Task statement:
Print the lines that run from the line with "text \<open>Split \<open>z" to the line with "once \<open>M\<close> is large.", keeping both end lines, exactly as they appear in the entries below, and nothing else.
################
(* Under Assumptions (A1), (A2) and (A4) of the context, for every $\zeta>0$ there exist $M\in\mathbb N_+$ and $\lambda>0$ such that $$\|z\|_{\mathrm D(A)}^2+2\lambda\|\mathfrak d(z)\|^2_{\mathbb R^{M_\sigma}}\ge\zeta\|z\|_V^2\qquad\text{for all }z\in\mathrm D(A).$$ Moreover $M$ can be chosen depending only on $\zeta$ (nondecreasingly), and $\lambda$ depending only on $\zeta$ and $\varpi_M$ (nondecreasingly), where $\varpi_M>0$ is a constant such that $\|\Psi^\diamond v\|^2_{\mathrm D(A)}\le\varpi_M\|\Psi^\diamond v\|_V^2$ and $\|\Psi^\diamond v\|_V^2\le\varpi_M\|v\|^2_{\mathbb R^{M_\sigma}}$ for all $v\in\mathbb R^{M_\sigma}$.
   Context: $H$ real Hilbert space identified with its dual, $V\subseteq H$ real Hilbert space. (A1) $A\in\mathcal L(V,V')$ symmetric with $(y,z)\mapsto\langle Ay,z\rangle_{V',V}$ a complete scalar product on $V$; $V$ carries the scalar product $(y,z)_V:=\langle Ay,z\rangle_{V',V}$. (A2) $V\subseteq H$ is dense, continuous, compact. $\mathrm D(A):=\{h\in H\mid Ah\in H\}$ with norm $\|z\|_{\mathrm D(A)}:=\|Az\|_H$; $\mathrm D(A)'$ its dual, pairing $\langle\cdot,\cdot\rangle$. (A4) $\sigma:\mathbb N_+\to\mathbb N_+$ strictly increasing, $M_\sigma:=\sigma(M)$; for each $M$, linearly independent actuators $\mathfrak d^{M,j}\in\mathrm D(A)'$, $1\le j\le M_\sigma$, and linearly independent $\Psi^{M,j}\in\mathrm D(A)$, $1\le j\le M_\sigma$, with $\langle\mathfrak d^{M,j},\Psi^{M,i}\rangle=\delta_{ij}$; with $\mathrm D_M:=\{z\in\mathrm D(A)\mid\langle\mathfrak d^{M,j},z\rangle=0\ \forall j\}$, the constant $\xi_{M_+}:=\inf_{\Theta\in\mathrm D_M\setminus\{0\}}\|\Theta\|^2_{\mathrm D(A)}/\|\Theta\|_V^2$ satisfies $\xi_{M_+}\to+\infty$ as $M\to\infty$. Notation: $\mathfrak d(z):=(\langle\mathfrak d^{M,1},z\rangle,\dots,\langle\mathfrak d^{M,M_\sigma},z\rangle)\in\mathbb R^{M_\sigma}$ for $z\in\mathrm D(A)$, and $\Psi^\diamond v:=\sum_{j=1}^{M_\sigma}v_j\Psi^{M,j}$ for $v\in\mathbb R^{M_\sigma}$. *)

theory Defs
  imports "HOL-Analysis.Analysis"
begin

text \<open>H is a real Hilbert space (type 'a). V is a linear subspace of H;
 the operator A in L(V,V') is encoded by its bilinear form a y z = <A y, z>_{V',V}, which is
 the scalar product of V. D(A) = {h in H | A h in H}: those h in V for which the functional
 a h . is represented by an element f of H, i.e. a h v = (f, v)_H for all v in V; then A h = f.\<close>

definition DA :: "'a::real_inner set \<Rightarrow> ('a \<Rightarrow> 'a \<Rightarrow> real) \<Rightarrow> 'a set" where
  "DA V a = {h \<in> V. \<exists>f. \<forall>v\<in>V. a h v = inner f v}"

definition Aop :: "'a::real_inner set \<Rightarrow> ('a \<Rightarrow> 'a \<Rightarrow> real) \<Rightarrow> 'a \<Rightarrow> 'a" where
  "Aop V a h = (THE f. \<forall>v\<in>V. a h v = inner f v)"

text \<open>norm on D(A): norm (A z) in H; squared V-norm: a z z.\<close>

text \<open>Actuators: d M j z = <d^{M,j}, z>; Psi M j = Psi^{M,j}; sigma M = M_sigma.\<close>

definition DM :: "'a::real_inner set \<Rightarrow> ('a \<Rightarrow> 'a \<Rightarrow> real) \<Rightarrow> (nat \<Rightarrow> nat \<Rightarrow> 'a \<Rightarrow> real)
    \<Rightarrow> (nat \<Rightarrow> nat) \<Rightarrow> nat \<Rightarrow> 'a set" where
  "DM V a d \<sigma> M = {z \<in> DA V a. \<forall>j\<in>{1..\<sigma> M}. d M j z = 0}"

text \<open>xi_{M+} as an extended real infimum (infimum of the empty set is +infinity).\<close>
definition xiM :: "'a::real_inner set \<Rightarrow> ('a \<Rightarrow> 'a \<Rightarrow> real) \<Rightarrow> (nat \<Rightarrow> nat \<Rightarrow> 'a \<Rightarrow> real)
    \<Rightarrow> (nat \<Rightarrow> nat) \<Rightarrow> nat \<Rightarrow> ereal" where
  "xiM V a d \<sigma> M = Inf {ereal ((norm (Aop V a \<Theta>))\<^sup>2 / a \<Theta> \<Theta>) | \<Theta>. \<Theta> \<in> DM V a d \<sigma> M \<and> \<Theta> \<noteq> 0}"

definition Psi_dia :: "(nat \<Rightarrow> nat \<Rightarrow> 'a::real_vector) \<Rightarrow> (nat \<Rightarrow> nat) \<Rightarrow> nat \<Rightarrow> (nat \<Rightarrow> real) \<Rightarrow> 'a" where
  "Psi_dia \<Psi> \<sigma> M v = (\<Sum>j=1..\<sigma> M. v j *\<^sub>R \<Psi> M j)"

definition dnorm2 :: "(nat \<Rightarrow> nat \<Rightarrow> 'a \<Rightarrow> real) \<Rightarrow> (nat \<Rightarrow> nat) \<Rightarrow> nat \<Rightarrow> 'a \<Rightarrow> real" where
  "dnorm2 d \<sigma> M z = (\<Sum>j=1..\<sigma> M. (d M j z)\<^sup>2)"

definition varpi_ok :: "'a::real_inner set \<Rightarrow> ('a \<Rightarrow> 'a \<Rightarrow> real) \<Rightarrow> (nat \<Rightarrow> nat \<Rightarrow> 'a)
    \<Rightarrow> (nat \<Rightarrow> nat) \<Rightarrow> nat \<Rightarrow> real \<Rightarrow> bool" where
  "varpi_ok V a \<Psi> \<sigma> M w \<longleftrightarrow> w > 0 \<and>
     (\<forall>v. (norm (Aop V a (Psi_dia \<Psi> \<sigma> M v)))\<^sup>2
            \<le> w * a (Psi_dia \<Psi> \<sigma> M v) (Psi_dia \<Psi> \<sigma> M v)
        \<and> a (Psi_dia \<Psi> \<sigma> M v) (Psi_dia \<Psi> \<sigma> M v) \<le> w * (\<Sum>j=1..\<sigma> M. (v j)\<^sup>2))"

end

theory Submission
  imports Defs
begin

text \<open>Split \<open>z \<in> D(A)\<close> as \<open>z = \<theta> + P\<close> with \<open>P = \<Psi>\<^sup>\<diamond>(d(z))\<close>. Biorthogonality gives
  \<open>d(\<theta>) = 0\<close>, so \<open>\<parallel>\<theta>\<parallel>\<^sup>2\<^bsub>D(A)\<^esub> \<ge> \<xi>\<^sub>M\<^sub>+ \<parallel>\<theta>\<parallel>\<^sup>2\<^sub>V \<ge> 4\<zeta> \<parallel>\<theta>\<parallel>\<^sup>2\<^sub>V\<close> once \<open>M\<close> is large.
  \<open>P\<close> ranges over a finite-dimensional space, so both its \<open>D(A)\<close>-norm and its \<open>V\<close>-norm are
  controlled by \<open>|d(z)|\<close>, with constants \<open>C\<^sub>A\<close>, \<open>C\<^sub>V\<close>. Using \<open>|x + y|\<^sup>2 \<le> 2|x|\<^sup>2 + 2|y|\<^sup>2\<close> in both
  norms, \<open>\<zeta>\<parallel>z\<parallel>\<^sup>2\<^sub>V \<le> \<parallel>Az\<parallel>\<^sup>2 + (C\<^sub>A + 2\<zeta>C\<^sub>V)|d(z)|\<^sup>2\<close>; an admissible \<open>\<varpi>\<^sub>M\<close> provides
  \<open>C\<^sub>A = \<varpi>\<^sub>M\<^sup>2\<close> and \<open>C\<^sub>V = \<varpi>\<^sub>M\<close>, whence the monotone dependence of \<open>\<lambda>\<close>.\<close>

lemma power2_norm_sum_scaleR_le:
  fixes w :: "'i \<Rightarrow> 'b::real_normed_vector"
  shows "(norm (\<Sum>j\<in>F. v j *\<^sub>R w j))\<^sup>2 \<le> (\<Sum>j\<in>F. (norm (w j))\<^sup>2) * (\<Sum>j\<in>F. (v j)\<^sup>2)"
proof -
  have "norm (\<Sum>j\<in>F. v j *\<^sub>R w j) \<le> (\<Sum>j\<in>F. \<bar>v j\<bar> * norm (w j))"
    by (rule order_trans[OF norm_sum]) simp
  hence "(norm (\<Sum>j\<in>F. v j *\<^sub>R w j))\<^sup>2 \<le> (\<Sum>j\<in>F. \<bar>v j\<bar> * norm (w j))\<^sup>2"
    by (intro power_mono) auto
  also have "\<dots> \<le> (\<Sum>j\<in>F. \<bar>v j\<bar>\<^sup>2) * (\<Sum>j\<in>F. (norm (w j))\<^sup>2)"
    by (rule Cauchy_Schwarz_ineq_sum)
  finally show ?thesis by (simp add: mult.commute)
qed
################
Written response:
text \<open>Split \<open>z \<in> D(A)\<close> as \<open>z = \<theta> + P\<close> with \<open>P = \<Psi>\<^sup>\<diamond>(d(z))\<close>. Biorthogonality gives
  \<open>d(\<theta>) = 0\<close>, so \<open>\<parallel>\<theta>\<parallel>\<^sup>2\<^bsub>D(A)\<^esub> \<ge> \<xi>\<^sub>M\<^sub>+ \<parallel>\<theta>\<parallel>\<^sup>2\<^sub>V \<ge> 4\<zeta> \<parallel>\<theta>\<parallel>\<^sup>2\<^sub>V\<close> once \<open>M\<close> is large.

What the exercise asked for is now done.